Neil was introduced to outdoor pursuits and the Duke of Edinburgh's Award whilst a Police Cadet and it was a life changing experience for him. As a police constable, Neil became an outdoor pursuits instructor, leading hill walking, orienteering, canoeing, sailing, caving and basic rock climbing. After leaving the Police Force for a career in teaching, Neil has been able to pass on his skills and enjoyment for the outdoors for hundreds of young people over the years and brings a depth of experience to the Adventure Expeditions team.

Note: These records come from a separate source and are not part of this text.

lemma poly_dir_symbol_normal:
  assumes f: "norm f = 1" and \<nu>: "norm \<nu> = 1" and orth: "\<nu> \<bullet> f = 0"
  obtains \<sigma> :: real where "\<sigma> \<noteq> 0"
    "poly (dir_symbol \<nu>) \<i> = - \<i> * of_real \<sigma> * poly (dir_symbol f) \<i>"
    "poly (dir_symbol \<nu>) (- \<i>) = \<i> * of_real \<sigma> * poly (dir_symbol f) (- \<i>)"
proof -
  obtain f1 f2 n1 n2 where fn: "f = (f1, f2)" "\<nu> = (n1, n2)" by fastforce
  have hf: "f1\<^sup>2 + f2\<^sup>2 = 1" and hn: "n1\<^sup>2 + n2\<^sup>2 = 1" and o: "n1 * f1 + n2 * f2 = 0"
    using f \<nu> orth unfolding fn by (simp_all add: norm_Pair)
  define \<sigma> where "\<sigma> = n2 * f1 - n1 * f2"
  have "(n1\<^sup>2 + n2\<^sup>2) * (f1\<^sup>2 + f2\<^sup>2) = (n1 * f1 + n2 * f2)\<^sup>2 + \<sigma>\<^sup>2"
    unfolding \<sigma>_def by algebra
  then have "\<sigma> \<noteq> 0" using hf hn o by auto
  moreover have "n1 = - \<sigma> * f2" "n2 = \<sigma> * f1"
    using hf o unfolding \<sigma>_def by algebra+
  ultimately show ?thesis
    by (intro that[of \<sigma>]) (simp_all add: fn dir_symbol_def complex_eq_iff)
qed

(* At z = \<plusminus>i, rotating a vector by \<theta> multiplies its symbol by cis (\<mp>\<theta>), and a unit normal of
   rot \<theta> e has \<mp>i\<sigma> times the symbol of rot \<theta> e. So for A = P W^k, B = Q W'^k the equations read
   A + B = 0 and cis (-\<theta>)^k A = cis \<theta>^k B, forcing 2 cos (k \<theta>) B = 0. *)
lemma symbol_system_trivial:
  fixes P Q :: complex
  assumes e: "norm e = 1" and \<nu>: "norm \<nu> = 1" and orth: "\<nu> \<bullet> rot \<theta> e = 0"
    and k: "k \<ge> 1" and cos: "cos (real k * \<theta>) \<noteq> 0"
    and nodal: "P * poly (dir_symbol e ^ k) \<i> + Q * poly (dir_symbol e ^ k) (- \<i>) = 0"
    and singular: "P * poly (dir_symbol \<nu> * dir_symbol (rot \<theta> e) ^ (k - 1)) \<i>
                   + Q * poly (dir_symbol \<nu> * dir_symbol (rot \<theta> e) ^ (k - 1)) (- \<i>) = 0"
  shows "P = 0 \<and> Q = 0"
proof -
  define W where "W = poly (dir_symbol e) \<i>"
  define W' where "W' = poly (dir_symbol e) (- \<i>)"
  define A where "A = P * W ^ k"
  define B where "B = Q * W' ^ k"
  obtain \<sigma> where \<sigma>: "\<sigma> \<noteq> 0"
    "poly (dir_symbol \<nu>) \<i> = - \<i> * of_real \<sigma> * poly (dir_symbol (rot \<theta> e)) \<i>"
    "poly (dir_symbol \<nu>) (- \<i>) = \<i> * of_real \<sigma> * poly (dir_symbol (rot \<theta> e)) (- \<i>)"
    using poly_dir_symbol_normal[of "rot \<theta> e" \<nu>] e \<nu> orth by auto
  have AB: "A = - B" using nodal unfolding A_def B_def W_def W'_def
    by (simp add: poly_power eq_neg_iff_add_eq_0)
  have "\<i> * of_real \<sigma> * (- (cis (- \<theta>) ^ k * A) + cis \<theta> ^ k * B) = 0"
  proof -
    have "k = Suc (k - 1)" using k by simp
    then have "(cis (- \<theta>) * W) ^ k = cis (- \<theta>) * W * (cis (- \<theta>) * W) ^ (k - 1)"
      "(cis \<theta> * W') ^ k = cis \<theta> * W' * (cis \<theta> * W') ^ (k - 1)"
      by (metis power_Suc)+
    then show ?thesis
      using singular unfolding A_def B_def W_def W'_def
      by (simp add: poly_power \<sigma> poly_dir_symbol_rot power_mult_distrib algebra_simps)
  qed
  then have "\<i> * of_real \<sigma> * ((cis \<theta> ^ k + cis (- \<theta>) ^ k) * B) = 0"
    unfolding AB by (simp add: algebra_simps)
  then have "(cis \<theta> ^ k + cis (- \<theta>) ^ k) * B = 0" using \<sigma>(1) by simp
  moreover have "cis \<theta> ^ k + cis (- \<theta>) ^ k = 2 * of_real (cos (real k * \<theta>))"
    unfolding Complex.DeMoivre by (simp add: complex_eq_iff cis.code)
  ultimately have "B = 0" "A = 0" using cos AB by auto
  moreover have "W \<noteq> 0" "W' \<noteq> 0"
    using poly_dir_symbol_nonzero[of e] e unfolding W_def W'_def by (metis norm_zero zero_neq_one)+
  ultimately show ?thesis unfolding A_def B_def by simp
qed

lemma cos_mult_pi_neq_0:
  assumes a0: "0 < \<alpha>" and a1: "\<alpha> < 1" and K: "K < n"
    and not_odd: "\<forall>p q :: int. 1 \<le> p \<and> p \<le> int n - 1 \<and> 0 \<le> q \<and> q \<le> p - 1 \<longrightarrow>
           \<alpha> \<noteq> real_of_int (2 * q + 1) / real_of_int (2 * p)"
  shows "cos (real K * (\<alpha> * pi)) \<noteq> 0"
proof
  assume "cos (real K * (\<alpha> * pi)) = 0"
  then obtain i where i: "odd i" "real K * (\<alpha> * pi) = real_of_int i * (pi / 2)"
    using cos_zero_iff_int by blast
  obtain q where q: "i = 2 * q + 1" using i(1) by (metis oddE)
  have "real K * \<alpha> * pi = real_of_int i * pi / 2" using i(2) by (simp add: algebra_simps)
  then have "real K * \<alpha> = real_of_int i / 2" by (simp add: field_simps)
  then have \<alpha>: "real_of_int (2 * q + 1) = \<alpha> * (2 * real K)" using q by (simp add: field_simps)
  have "K \<noteq> 0"
  proof
    assume "K = 0"
    then have "2 * q + 1 = 0" using \<alpha> by simp
    then show False by presburger
  qed
  then have "\<alpha> = real_of_int (2 * q + 1) / real_of_int (2 * int K)"
    using \<alpha> by (simp add: field_simps)
  moreover have "real_of_int (2 * q + 1) > 0" using \<alpha> a0 \<open>K \<noteq> 0\<close> by simp
  then have "0 \<le> q" by simp
  moreover have "real_of_int (2 * q + 1) < 2 * real K" using \<alpha> a1 \<open>K \<noteq> 0\<close> by simp
  then have "q \<le> int K - 1" by linarith
  moreover have "1 \<le> int K" "int K \<le> int n - 1" using \<open>K \<noteq> 0\<close> K by auto
  ultimately show False using not_odd by blast
qed

lemma top_order_pderiv2_eq_0:
  assumes helmholtz: "\<And>i j. pderiv2 (i + 2) j u x0 + pderiv2 i (j + 2) u x0
                              + of_real lam * pderiv2 i j u x0 = 0"
    and low: "\<And>i j. i + j < K \<Longrightarrow> pderiv2 i j u x0 = 0"
    and e: "norm e = 1" and \<nu>: "norm \<nu> = 1" and orth: "\<nu> \<bullet> rot \<theta> e = 0"
    and cos: "cos (real K * \<theta>) \<noteq> 0"
    and nodal: "homog_deriv K (dir_symbol e ^ K) u x0 = 0"
    and singular: "\<And>k. homog_deriv (Suc k) (dir_symbol \<nu> * dir_symbol (rot \<theta> e) ^ k) u x0
                        + C * homog_deriv k (dir_symbol (rot \<theta> e) ^ k) u x0 = 0"
    and i: "i \<le> K"
  shows "pderiv2 i (K - i) u x0 = 0"
proof (cases "K = 0")
  case True
  then show ?thesis using nodal i by (simp add: homog_deriv_def)
next
  case False
  define a where "a i = pderiv2 i (K - i) u x0" for i
  have rec: "a (i + 2) = - a i" if "i + 2 \<le> K" for i
  proof -
    have "K - (i + 2) + 2 = K - i" using that by simp
    then show ?thesis
      using helmholtz[of i "K - (i + 2)"] low[of i "K - (i + 2)"] that
      by (simp add: a_def eq_neg_iff_add_eq_0)
  qed
  define P Q where "P = (a 0 - \<i> * a 1) / 2" and "Q = (a 0 + \<i> * a 1) / 2"
  have a: "pderiv2 i (K - i) u x0 = P * \<i> ^ i + Q * (- \<i>) ^ i" if "i \<le> K" for i
    using alternating_recurrence_closed_form[of K a, OF rec that] unfolding P_def Q_def a_def .
  have deg_nodal: "degree (dir_symbol e ^ K) \<le> K"
    using degree_mult_dir_symbol_power[of 1 e K] by simp
  have deg_singular: "degree (dir_symbol \<nu> * dir_symbol (rot \<theta> e) ^ (K - 1)) \<le> K"
    using degree_mult_dir_symbol_power[of "dir_symbol \<nu>" "rot \<theta> e" "K - 1"]
      degree_dir_symbol[of \<nu>] False by linarith
  have "homog_deriv (K - 1) (dir_symbol (rot \<theta> e) ^ (K - 1)) u x0 = 0"
    by (rule homog_deriv_eq_0[of K, OF low]) (use False in simp_all)
  then have "homog_deriv K (dir_symbol \<nu> * dir_symbol (rot \<theta> e) ^ (K - 1)) u x0 = 0"
    using singular[of "K - 1"] False by simp
  then have "P * poly (dir_symbol \<nu> * dir_symbol (rot \<theta> e) ^ (K - 1)) \<i>
              + Q * poly (dir_symbol \<nu> * dir_symbol (rot \<theta> e) ^ (K - 1)) (- \<i>) = 0"
    by (simp only: homog_deriv_eq_eval_at_i[OF a deg_singular])
  moreover have "P * poly (dir_symbol e ^ K) \<i> + Q * poly (dir_symbol e ^ K) (- \<i>) = 0"
    using nodal by (simp only: homog_deriv_eq_eval_at_i[OF a deg_nodal])
  ultimately have "P = 0 \<and> Q = 0"
    using False by (intro symbol_system_trivial[OF e \<nu> orth _ cos]) auto
  then show ?thesis using a[OF i] by simp
qed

Neil has been involved in all aspects of the DofE Award in a wide variety of roles for many years. These have included School Unit Leader and a member of "Wild Country" Expedition Panels. Neil has worked on Open Expeditions in the Yorkshire Dales for many years, becoming a Director of these in 2007 and contining this role through to the present.

Since 2008, Neil has worked as a freelance DofE expedition instructor, supervisor and assessor for various educational and commercial organisations.

In his free time Neil enjoys being in the hills! he enjoys running with Holmfirth Harriers club, visiting historical sites including World War battlefields and also has an interest in genealogy.

A few questions for Neil...

Favourite location for DofE expeditions?

Bronze - Anywhere that provides a lovely rural setting but where the terrain and navigation are not too demanding. The South Downs is one area that fits the bill well.

Silver - The Yorkshire Dales - this is where I grew up and where the stunning scenery made such an impression. The hills! The Dales! The limestone!

Gold - North Wales just beats the Lake District (only just!) because it is less crowded.

What is the best thing about being on expedition?

The ever changing scenery. I also love being tucked up warm and dry in a good tent listening to the rain and wind outside!

What is the worst thing about being on expedition?

Carrying a full pack but this adds to the challenge and sense of achievemnt in the end.

What would we find in your expedition rucksack that we really shouldn't?!

Often a guide book - not to stop me getting lost but because they can give you loads of information about the area: geology, history, nature. All of this adds to the experience, both for me and groups that I'm out with.